Let’s walk through a simple example around how combining the predictions of more than one model can outperform any single model. Below is an example monthly time series. We will try to back test the last 12 months of the historical data.

To keep things simple we can just run a few models to get the back testing results for the last year of the data. We’ll use various univariate time series models. Ignore the types of models used. Instead, let’s just see how each model did on it’s own. Learn more about accuracy metrics in a previous post.

Accuracy by Single Model
Model	MAPE	MAE	RMSE
arima	1.97	3.76	4.68
croston	10.18	19.54	20.01
nnetar	9.77	18.37	26.00
stlm-ets	1.92	3.68	4.59
tbats	1.86	3.51	4.05
theta	2.46	4.71	5.52

It looks like the tbats model performs the best across the board with stlm-ets and arima not far behind. What if we averaged the three of them together? Let’s see how the results change.

Accuracy for Average Model
Model	MAPE	MAE	RMSE
arima_stlm-ets_tbats	1.84	3.51	3.99

Even better results! See how creating simple model averages can improve the results? Averaging the results can help smooth out any under or over forecasts, creating more accurate models.

Simple model averages are often the quickest way to improved forecast accuracy. Another way is to create an ensemble model that can create the weights on its own. Let’s feed the predictions from each model into a linear regression model and have it determine the optimal weights.

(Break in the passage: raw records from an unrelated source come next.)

lemma single_add_mem_witt_fil:
  assumes "normalized_discrete_valuation ord"
    and "[x] \<in> witt_fil ord p n 1" "[y] \<in> witt_fil ord p n 1"
  shows "[x + y] \<in> witt_fil ord p n 1"
proof -
  have x: "x \<noteq> 0 \<longrightarrow> - n \<le> ord x" and y: "y \<noteq> 0 \<longrightarrow> - n \<le> ord y"
    using assms(2,3) by (simp_all only: single_mem_witt_fil_iff)
  have "x + y \<noteq> 0 \<longrightarrow> - n \<le> ord (x + y)"
  proof (cases "x = 0 \<or> y = 0")
    case False
    then have "x + y \<noteq> 0 \<longrightarrow> min (ord x) (ord y) \<le> ord (x + y)"
      using assms(1) by (simp add: normalized_discrete_valuation_def)
    with x y False show ?thesis
      by linarith
  qed (use x y in auto)
  then show ?thesis
    by (simp only: single_mem_witt_fil_iff)
qed

lemma witt_fil'_1:
  assumes "p > 0"
  shows "witt_fil' ord p 1 s = witt_fil ord p 0 s"
proof -
  have "witt_fil ord p 1 0 = {[]}"
    by (auto simp: witt_fil_def)
  then have "witt_fil' ord p 1 s = {witt_add p a (replicate s 0) | a. a \<in> witt_fil ord p 0 s}"
    by (simp add: witt_fil'_def witt_V_power)
  also have "\<dots> = witt_fil ord p 0 s"
  proof -
    have "witt_add p a (replicate s 0) = a" if "a \<in> witt_fil ord p 0 s" for a
      using that assms witt_add_replicate_zero_right[of p a] by (simp add: witt_fil_def)
    then show ?thesis
      by (simp add: Setcompr_eq_image cong: image_cong)
  qed
  finally show ?thesis .
qed

lemma witt_fil'_prime:
  assumes "prime p" "0 < s"
  shows "witt_fil' ord p p s = {witt_add p a (replicate (s - 1) 0 @ [b]) | a b.
           a \<in> witt_fil ord p (int p - 1) s \<and> [b] \<in> witt_fil ord p (int p) 1}"
proof -
  have "min (multiplicity p p) s = 1"
    using assms by (simp add: multiplicity_self prime_gt_0_nat)
  moreover have "(witt_V ^^ (s - 1)) ` witt_fil ord p (int p) 1
      = {replicate (s - 1) 0 @ [b] | b. [b] \<in> witt_fil ord p (int p) 1}"
    unfolding witt_fil_length_one by (auto simp: witt_V_power)
  ultimately show ?thesis
    unfolding witt_fil'_def Let_def by auto
qed

lemma witt_fil'_prime_length_one:
  assumes "normalized_discrete_valuation ord" "prime p"
  shows "witt_fil' ord p p 1 = witt_fil ord p (int p) 1"
proof (intro equalityI subsetI)
  have add: "witt_add p [x] [y] = [x + y]" for x y :: 'a
    using witt_add_V_power_single[of p 0 x y] assms(2) by (simp add: prime_gt_0_nat)
  note fil'_eq = witt_fil'_prime[OF assms(2) zero_less_one]
  fix w
  {
    assume "w \<in> witt_fil' ord p p 1"
    then obtain a b where w: "w = witt_add p a [b]" and a: "a \<in> witt_fil ord p (int p - 1) 1"
      and b: "[b] \<in> witt_fil ord p (int p) 1"
      unfolding fil'_eq by auto
    from a have "a \<in> witt_fil ord p (int p) 1"
      using witt_fil_mono[of "int p - 1" "int p"] by auto
    then obtain x where x: "a = [x]" "[x] \<in> witt_fil ord p (int p) 1"
      unfolding witt_fil_length_one by auto
    show "w \<in> witt_fil ord p (int p) 1"
      unfolding w x(1) add using x(2) b by (rule single_add_mem_witt_fil[OF assms(1)])
  next
    assume "w \<in> witt_fil ord p (int p) 1"
    then obtain c where "w = [c]" "[c] \<in> witt_fil ord p (int p) 1"
      unfolding witt_fil_length_one by auto
    moreover have "[0] \<in> witt_fil ord p (int p - 1) 1"
      by (simp only: single_mem_witt_fil_iff) simp
    ultimately show "w \<in> witt_fil' ord p p 1"
      unfolding fil'_eq using add[of 0 c] by force
  }
qed

lemma V_power_single_mem_witt_fil'_prime:
  assumes "prime p" "[a] \<in> witt_fil ord p (int p) 1"
  shows "replicate k 0 @ [a] \<in> witt_fil' ord p p (Suc k)"
proof -
  have "replicate k 0 @ [a] = witt_add p (replicate (Suc k) 0) (replicate k 0 @ [a])"
    using witt_add_replicate_zero_left[of p "replicate k 0 @ [a]"] assms(1)
    by (simp add: prime_gt_0_nat)
  then show ?thesis
    unfolding witt_fil'_prime[OF assms(1) zero_less_Suc] mem_Collect_eq
    using assms(2) replicate_zero_mem_witt_fil[of "Suc k"]
    by (intro exI[of _ "replicate (Suc k) 0"] exI[of _ a] conjI) simp_all
qed

lemma witt_fil'_prime_decompose:
  assumes "normalized_discrete_valuation ord" "prime p" "w \<in> witt_fil' ord p p (Suc k)"
  obtains a u where "[a] \<in> witt_fil ord p (int p) 1" "u \<in> witt_fil ord p 0 (Suc k)"
    and "w = witt_add p (replicate k 0 @ [a]) u"
proof -
  obtain x b where w: "w = witt_add p x (replicate k 0 @ [b])"
    and x: "x \<in> witt_fil ord p (int p - 1) (Suc k)" and b: "[b] \<in> witt_fil ord p (int p) 1"
    using assms(3) unfolding witt_fil'_prime[OF assms(2) zero_less_Suc] by auto
  have "[last x] \<in> witt_fil ord p (int p) 1"
    using last_mem_witt_fil[OF x] witt_fil_mono[of "int p - 1" "int p"] by auto
  then have "[last x + b] \<in> witt_fil ord p (int p) 1"
    using b by (rule single_add_mem_witt_fil[OF assms(1)])
  moreover have "butlast x @ [0] \<in> witt_fil ord p 0 (Suc k)"
    using x by (intro butlast_append_zero_mem_witt_fil_0) auto
  moreover have "w = witt_add p (replicate k 0 @ [last x + b]) (butlast x @ [0])"
    using x assms(2) unfolding w
    by (intro witt_add_V_power_single_split_last) (auto simp: witt_fil_def prime_gt_0_nat)
  ultimately show ?thesis
    using that by blast
qed

lemma single_diff_mem_witt_fil_of_V_power_eq:
  assumes "p > 0" "u \<in> witt_fil ord p n (Suc k)"
    and "replicate k 0 @ [a] = witt_add p (replicate k 0 @ [b]) u"
  shows "[a - b] \<in> witt_fil ord p n 1"
proof -
  have "a = b + last u"
    using arg_cong[OF assms(3), of last] assms(1,2)
    by (simp add: last_witt_add_V_power_single witt_fil_def)
  then show ?thesis
    using last_mem_witt_fil[OF assms(2)] by simp
qed

theorem lemma1p9:
  fixes ord :: "'a::field \<Rightarrow> int" and s :: nat
  assumes "CHAR('a) = 2"
    and "complete_discrete_valuation ord"
    and "1 \<le> s"
  shows "(\<forall>a. [a] \<in> witt_fil' ord 2 2 1 \<longrightarrow> (witt_V ^^ (s - 1)) [a] \<in> witt_fil' ord 2 2 s)
       \<and> (\<forall>a. [a] \<in> witt_fil' ord 2 1 1 \<longrightarrow> (witt_V ^^ (s - 1)) [a] \<in> witt_fil' ord 2 1 s)
       \<and> (\<forall>a b :: 'a. (witt_V ^^ (s - 1)) [a + b]
                 = witt_add 2 ((witt_V ^^ (s - 1)) [a]) ((witt_V ^^ (s - 1)) [b]))
       \<and> (\<forall>a b. [a] \<in> witt_fil' ord 2 2 1 \<longrightarrow> [b] \<in> witt_fil' ord 2 2 1 \<longrightarrow>
                (\<exists>u\<in>witt_fil' ord 2 1 s.
                    (witt_V ^^ (s - 1)) [a] = witt_add 2 ((witt_V ^^ (s - 1)) [b]) u) \<longrightarrow>
                [a - b] \<in> witt_fil' ord 2 1 1)
       \<and> (\<forall>w\<in>witt_fil' ord 2 2 s. \<exists>a. [a] \<in> witt_fil' ord 2 2 1 \<and>
                (\<exists>u\<in>witt_fil' ord 2 1 s. w = witt_add 2 ((witt_V ^^ (s - 1)) [a]) u))"
proof -
  obtain k where s: "s = Suc k"
    using assms(3) by (cases s) auto
  have val: "normalized_discrete_valuation ord"
    using assms(2) by (simp add: complete_discrete_valuation_def)
  have V: "(witt_V ^^ (s - 1)) [a] = replicate k 0 @ [a]" for a :: 'a
    by (simp add: s witt_V_power)
  have fil'_2_W1: "witt_fil' ord 2 2 1 = witt_fil ord 2 2 1"
    using witt_fil'_prime_length_one[OF val two_is_prime_nat] by simp
  have fil'_1: "witt_fil' ord 2 1 n = witt_fil ord 2 0 n" for n
    by (rule witt_fil'_1) simp
  show ?thesis
    unfolding V fil'_2_W1 fil'_1
  proof (intro conjI allI impI ballI)
    show "replicate k 0 @ [a] \<in> witt_fil' ord 2 2 s" if "[a] \<in> witt_fil ord 2 2 1" for a
      using V_power_single_mem_witt_fil'_prime[OF two_is_prime_nat, of a ord k] that s by simp
    show "replicate k 0 @ [a] \<in> witt_fil ord 2 0 s" if "[a] \<in> witt_fil ord 2 0 1" for a
      using that by (simp only: s V_power_single_mem_witt_fil_iff)
    show "replicate k 0 @ [a + b] = witt_add 2 (replicate k 0 @ [a]) (replicate k 0 @ [b])" for a b :: 'a
      by (simp add: witt_add_V_power_single)
    show "[a - b] \<in> witt_fil ord 2 0 1"
      if "\<exists>u\<in>witt_fil ord 2 0 s. replicate k 0 @ [a] = witt_add 2 (replicate k 0 @ [b]) u" for a b
      using that single_diff_mem_witt_fil_of_V_power_eq[of 2 _ ord 0 k a b] unfolding s by auto
    show "\<exists>a. [a] \<in> witt_fil ord 2 2 1 \<and>
        (\<exists>u\<in>witt_fil ord 2 0 s. w = witt_add 2 (replicate k 0 @ [a]) u)"
      if "w \<in> witt_fil' ord 2 2 s" for w
      using that unfolding s by (elim witt_fil'_prime_decompose[OF val two_is_prime_nat]) auto
  qed
qed

end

Accuracy for Ensemble Model
Model	MAPE	MAE	RMSE
Ensemble	1.81	3.40	3.65

Alight more accurate results! By feeding each individual model forecast into a final ensemble model, we were able to get a more accurate forecast.

Reversal

When trying to combine models, there is always a risk of overfitting. Meaning the combination approach (like simple average or ensemble) could have great accuracy on the back test data but not generalize well to new unseen data in our future forecast. To prevent that we can make sure to back test on enough historical data to prove our combination approach works well for more than just a period or two. We can also have separate validation and test splits in the back testing to see how combinations made on one data set can generalize well when tested on the other.

Prediction intervals are harder to create. Simply combining the 80% and 95% prediction intervals of multiple models together is not going to fully capture the uncertainty of forecasts created by the new model combination. So we would need to re-create the intervals based on the results of the new combined model.

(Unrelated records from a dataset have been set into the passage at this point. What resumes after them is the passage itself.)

lemma (in group) subgroup_group_center: "subgroup (group_center G) G"
proof (rule subgroupI)
  fix h assume h: "h \<in> group_center G"
  then have h_carrier: "h \<in> carrier G" and comm: "\<And>g. g \<in> carrier G \<Longrightarrow> h \<otimes> g = g \<otimes> h"
    by (auto simp: group_center_def)
  have "inv h \<otimes> g = g \<otimes> inv h" if g: "g \<in> carrier G" for g
  proof -
    have "inv h \<otimes> g = inv h \<otimes> (g \<otimes> h) \<otimes> inv h"
      using g h_carrier by (simp add: m_assoc)
    also have "\<dots> = g \<otimes> inv h"
      using g h_carrier by (simp add: comm [symmetric] m_assoc [symmetric])
    finally show ?thesis .
  qed
  then show "inv h \<in> group_center G"
    using h_carrier by (simp add: group_center_def)
next
  fix h k assume "h \<in> group_center G" "k \<in> group_center G"
  then have carrier: "h \<in> carrier G" "k \<in> carrier G"
    and comm: "\<And>g. g \<in> carrier G \<Longrightarrow> h \<otimes> g = g \<otimes> h" "\<And>g. g \<in> carrier G \<Longrightarrow> k \<otimes> g = g \<otimes> k"
    by (auto simp: group_center_def)
  have "h \<otimes> k \<otimes> g = g \<otimes> (h \<otimes> k)" if g: "g \<in> carrier G" for g
  proof -
    have "h \<otimes> k \<otimes> g = h \<otimes> g \<otimes> k"
      using g carrier by (simp add: m_assoc comm(2))
    also have "\<dots> = g \<otimes> (h \<otimes> k)"
      using g carrier by (simp add: m_assoc comm(1))
    finally show ?thesis .
  qed
  then show "h \<otimes> k \<in> group_center G"
    using carrier by (simp add: group_center_def)
qed (auto simp: group_center_def)

lemma (in group) normal_group_center: "group_center G \<lhd> G"
  unfolding normal_inv_iff
proof (intro conjI ballI subgroup_group_center)
  fix x h assume x: "x \<in> carrier G" and h: "h \<in> group_center G"
  then have "x \<otimes> h \<otimes> inv x = h \<otimes> x \<otimes> inv x"
    by (simp add: group_center_def)
  also have "\<dots> = h"
    using x h by (simp add: m_assoc subgroup.mem_carrier [OF subgroup_group_center])
  finally show "x \<otimes> h \<otimes> inv x \<in> group_center G"
    using h by simp
qed

lemma (in normal) kernel_r_coset_hom_Mod: "kernel G (G Mod H) (\<lambda>a. H #> a) = H"
  using coset_join1 [OF _ _ subgroup_axioms] coset_join2 [OF _ subgroup_axioms] subset
  by (auto simp: kernel_def)

lemma (in group) hom_pointwise_mult:
  assumes F1: "F1 \<in> hom K G" and F2: "F2 \<in> hom K G"
    and comm: "\<And>x y. x \<in> carrier K \<Longrightarrow> y \<in> carrier K \<Longrightarrow> F1 x \<otimes> F2 y = F2 y \<otimes> F1 x"
  shows "(\<lambda>x. F1 x \<otimes> F2 x) \<in> hom K G"
proof (rule homI)
  fix x y assume xy: "x \<in> carrier K" "y \<in> carrier K"
  then have closed: "F1 x \<in> carrier G" "F1 y \<in> carrier G" "F2 x \<in> carrier G" "F2 y \<in> carrier G"
    using F1 F2 by (simp_all add: hom_in_carrier)
  have "F1 (x \<otimes>\<^bsub>K\<^esub> y) \<otimes> F2 (x \<otimes>\<^bsub>K\<^esub> y) = F1 x \<otimes> (F1 y \<otimes> F2 x) \<otimes> F2 y"
    using xy F1 F2 closed by (simp add: hom_mult m_assoc)
  also have "\<dots> = F1 x \<otimes> (F2 x \<otimes> F1 y) \<otimes> F2 y"
    using xy by (simp add: comm)
  also have "\<dots> = F1 x \<otimes> F2 x \<otimes> (F1 y \<otimes> F2 y)"
    using closed by (simp add: m_assoc)
  finally show "F1 (x \<otimes>\<^bsub>K\<^esub> y) \<otimes> F2 (x \<otimes>\<^bsub>K\<^esub> y) = F1 x \<otimes> F2 x \<otimes> (F1 y \<otimes> F2 y)" .
qed (use F1 F2 in \<open>simp add: hom_in_carrier\<close>)

lemma (in group) hom_comp_int_pow:
  assumes K: "group K" and F: "F \<in> hom K G"
    and comm: "\<And>x y. x \<in> carrier K \<Longrightarrow> y \<in> carrier K \<Longrightarrow> F x \<otimes> F y = F y \<otimes> F x"
  shows "(\<lambda>x. F (x [^]\<^bsub>K\<^esub> (n::int))) \<in> hom K G"
proof (rule homI)
  fix x y assume xy: "x \<in> carrier K" "y \<in> carrier K"
  have "x \<otimes>\<^bsub>K\<^esub> y \<in> carrier K"
    using K xy by (simp add: group.is_monoid monoid.m_closed)
  then have "F ((x \<otimes>\<^bsub>K\<^esub> y) [^]\<^bsub>K\<^esub> n) = (F x \<otimes> F y) [^] n"
    using xy by (simp add: hom_int_pow [OF F _ K is_group] hom_mult [OF F])
  also have "\<dots> = F x [^] n \<otimes> F y [^] n"
    using xy F by (simp add: int_pow_mult_distrib comm hom_in_carrier)
  also have "\<dots> = F (x [^]\<^bsub>K\<^esub> n) \<otimes> F (y [^]\<^bsub>K\<^esub> n)"
    using xy K by (simp add: hom_int_pow [OF F _ K is_group] group.int_pow_closed)
  finally show "F ((x \<otimes>\<^bsub>K\<^esub> y) [^]\<^bsub>K\<^esub> n) = F (x [^]\<^bsub>K\<^esub> n) \<otimes> F (y [^]\<^bsub>K\<^esub> n)" .
qed (use F K in \<open>simp add: hom_in_carrier group.int_pow_closed\<close>)

lemma (in group) expr_action_closed:
  "formal_expr G \<alpha> \<Longrightarrow> g \<in> carrier G \<Longrightarrow> expr_action G \<alpha> g \<in> carrier G"
  by (induction \<alpha>) (auto simp: formal_expr_def hom_in_carrier)

lemma (in group_hom) hom_comp_expr_action:
  assumes comm: "\<And>x y. x \<in> carrier G \<Longrightarrow> y \<in> carrier G \<Longrightarrow> h x \<otimes>\<^bsub>H\<^esub> h y = h y \<otimes>\<^bsub>H\<^esub> h x"
    and "formal_expr G \<alpha>"
  shows "(\<lambda>g. h (expr_action G \<alpha> g)) \<in> hom G H"
  using assms(2)
proof (induction \<alpha>)
  case Nil
  then show ?case by (simp add: homI)
next
  case (Cons t \<alpha>)
  obtain n \<phi> where t: "t = (n, \<phi>)" by fastforce
  have \<phi>: "\<phi> \<in> hom G G" and \<alpha>: "formal_expr G \<alpha>"
    using Cons.prems by (simp_all add: t formal_expr_def)
  have "(\<lambda>g. h (\<phi> (g [^] n))) \<in> hom G H"
    by (rule H.hom_comp_int_pow)
      (use \<phi> Group.hom_compose [OF \<phi> homh] in \<open>simp_all add: is_group hom_in_carrier comm comp_def\<close>)
  moreover have "(\<lambda>g. h (expr_action G \<alpha> g)) \<in> hom G H"
    using Cons.IH \<alpha> .
  ultimately have "(\<lambda>g. h (\<phi> (g [^] n)) \<otimes>\<^bsub>H\<^esub> h (expr_action G \<alpha> g)) \<in> hom G H"
    by (rule H.hom_pointwise_mult)
      (simp add: comm hom_in_carrier [OF \<phi>] G.expr_action_closed [OF \<alpha>])
  then show ?case
    by (rule G.hom_restrict)
      (use \<phi> \<alpha> in \<open>simp add: t hom_in_carrier G.expr_action_closed\<close>)
qed

locale central_kernel_hom = group_hom G Q p
  for G :: "('a, 'b) monoid_scheme" (structure) and Q :: "('c, 'd) monoid_scheme" and p +
  assumes kernel_central: "kernel G Q p \<subseteq> group_center G"
begin

lemma conjugate_eq_if_hom_eq:
  assumes "p a = p b" and "a \<in> carrier G" "b \<in> carrier G" "x \<in> carrier G"
  shows "conjugate G a x = conjugate G b x"
proof -
  have "a \<otimes> inv b \<in> kernel G Q p"
    using assms by (simp add: kernel_def)
  then have central: "a \<otimes> inv b \<in> group_center G"
    using kernel_central by blast
  have "conjugate G a x = conjugate G ((a \<otimes> inv b) \<otimes> b) x"
    using assms by (simp add: G.m_assoc)
  also have "\<dots> = conjugate G b x"
    using assms central by (simp add: G.conjugate_mult G.conjugate_central)
  finally show ?thesis .
qed

lemma hom_commute_if_commutator_in_kernel:
  assumes "u \<otimes> v \<otimes> inv u \<otimes> inv v \<in> kernel G Q p" and "u \<in> carrier G" "v \<in> carrier G"
  shows "p u \<otimes>\<^bsub>Q\<^esub> p v = p v \<otimes>\<^bsub>Q\<^esub> p u"
proof -
  let ?c = "u \<otimes> v \<otimes> inv u \<otimes> inv v"
  have "u \<otimes> v = ?c \<otimes> (v \<otimes> u)"
    using assms by (simp add: G.m_assoc) (simp add: G.m_assoc [symmetric])
  then have "p (u \<otimes> v) = p ?c \<otimes>\<^bsub>Q\<^esub> p (v \<otimes> u)"
    using assms by (metis hom_mult G.m_closed G.inv_closed)
  also have "\<dots> = p (v \<otimes> u)"
    using assms by (simp add: kernel_def)
  finally show ?thesis
    using assms by simp
qed

lemma hom_commute_if_commutator_subgroup_in_kernel:
  assumes commutators: "commutator_subgroup G A B \<subseteq> kernel G Q p"
    and "A \<subseteq> carrier G" "B \<subseteq> carrier G" "x \<in> A" "y \<in> B"
  shows "p x \<otimes>\<^bsub>Q\<^esub> p y = p y \<otimes>\<^bsub>Q\<^esub> p x"
proof (rule hom_commute_if_commutator_in_kernel)
  have "x \<otimes> y \<otimes> inv x \<otimes> inv y \<in> commutator_subgroup G A B"
    unfolding commutator_subgroup_def by (rule generate.incl) (use assms in blast)
  then show "x \<otimes> y \<otimes> inv x \<otimes> inv y \<in> kernel G Q p"
    using commutators by blast
qed (use assms in blast)+

lemma hom_commute_if_derived_in_kernel:
  assumes \<psi>: "\<psi> \<in> hom G G" and derived: "\<psi> ` derived G (carrier G) \<subseteq> kernel G Q p"
    and x: "x \<in> carrier G" and y: "y \<in> carrier G"
  shows "p (\<psi> x) \<otimes>\<^bsub>Q\<^esub> p (\<psi> y) = p (\<psi> y) \<otimes>\<^bsub>Q\<^esub> p (\<psi> x)"
proof (rule hom_commute_if_commutator_in_kernel)
  interpret \<psi>: group_hom G G \<psi>
    by unfold_locales (rule \<psi>)
  have "x \<otimes> y \<otimes> inv x \<otimes> inv y \<in> derived G (carrier G)"
    unfolding derived_def by (rule generate.incl) (use x y in blast)
  then have "\<psi> (x \<otimes> y \<otimes> inv x \<otimes> inv y) \<in> kernel G Q p"
    using derived by blast
  then show "\<psi> x \<otimes> \<psi> y \<otimes> inv \<psi> x \<otimes> inv \<psi> y \<in> kernel G Q p"
    using x y by simp
qed (use \<psi> x y in \<open>simp_all add: hom_in_carrier\<close>)

end

lemma (in group) central_kernel_hom_Mod_center:
  "central_kernel_hom G (G Mod group_center G) (\<lambda>a. group_center G #> a)"
proof -
  interpret Z: normal "group_center G" G
    by (rule normal_group_center)
  show ?thesis
    unfolding central_kernel_hom_def central_kernel_hom_axioms_def group_hom_def group_hom_axioms_def
    by (simp add: is_group Z.factorgroup_is_group Z.r_coset_hom_Mod Z.kernel_r_coset_hom_Mod)
qed

locale twisting = central_kernel_hom +
  fixes f :: "'a \<Rightarrow> 'a"
  assumes twist_closed: "f \<in> carrier G \<rightarrow> carrier G"
    and twist_hom: "(\<lambda>g. p (f g)) \<in> hom G Q"
    and twist_commute:
      "g \<in> carrier G \<Longrightarrow> h \<in> carrier G \<Longrightarrow> p (f g) \<otimes>\<^bsub>Q\<^esub> p (f h) = p (f h) \<otimes>\<^bsub>Q\<^esub> p (f g)"
begin

sublocale twist: group_hom G Q "\<lambda>g. p (f g)"
  by unfold_locales (rule twist_hom)

abbreviation twisted_group :: "'a monoid" where
  "twisted_group \<equiv> \<lparr>carrier = carrier G, monoid.mult = twisted_op G f, one = \<one>\<rparr>"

Similar to prediction intervals, combining models can also make it harder to interpret them. Instead of just understanding one model and its predictions, we now have to understand how multiple models work and are combined to get the final forecast.

finnts

Model combinations can be hard to do effectively. Thankfully my forecasting package, finnts, is here to help! It automatically handles every kind of model combination method listed in this post. Check out the package and see just how easy forecasting can be.

Final Thoughts

Just like the county fair crowd nailed the ox’s weight, combining multiple models in time series forecasting yields more accurate predictions by balancing out individual errors. When you’re forecasting, remember to embrace the collective wisdom of models for better results!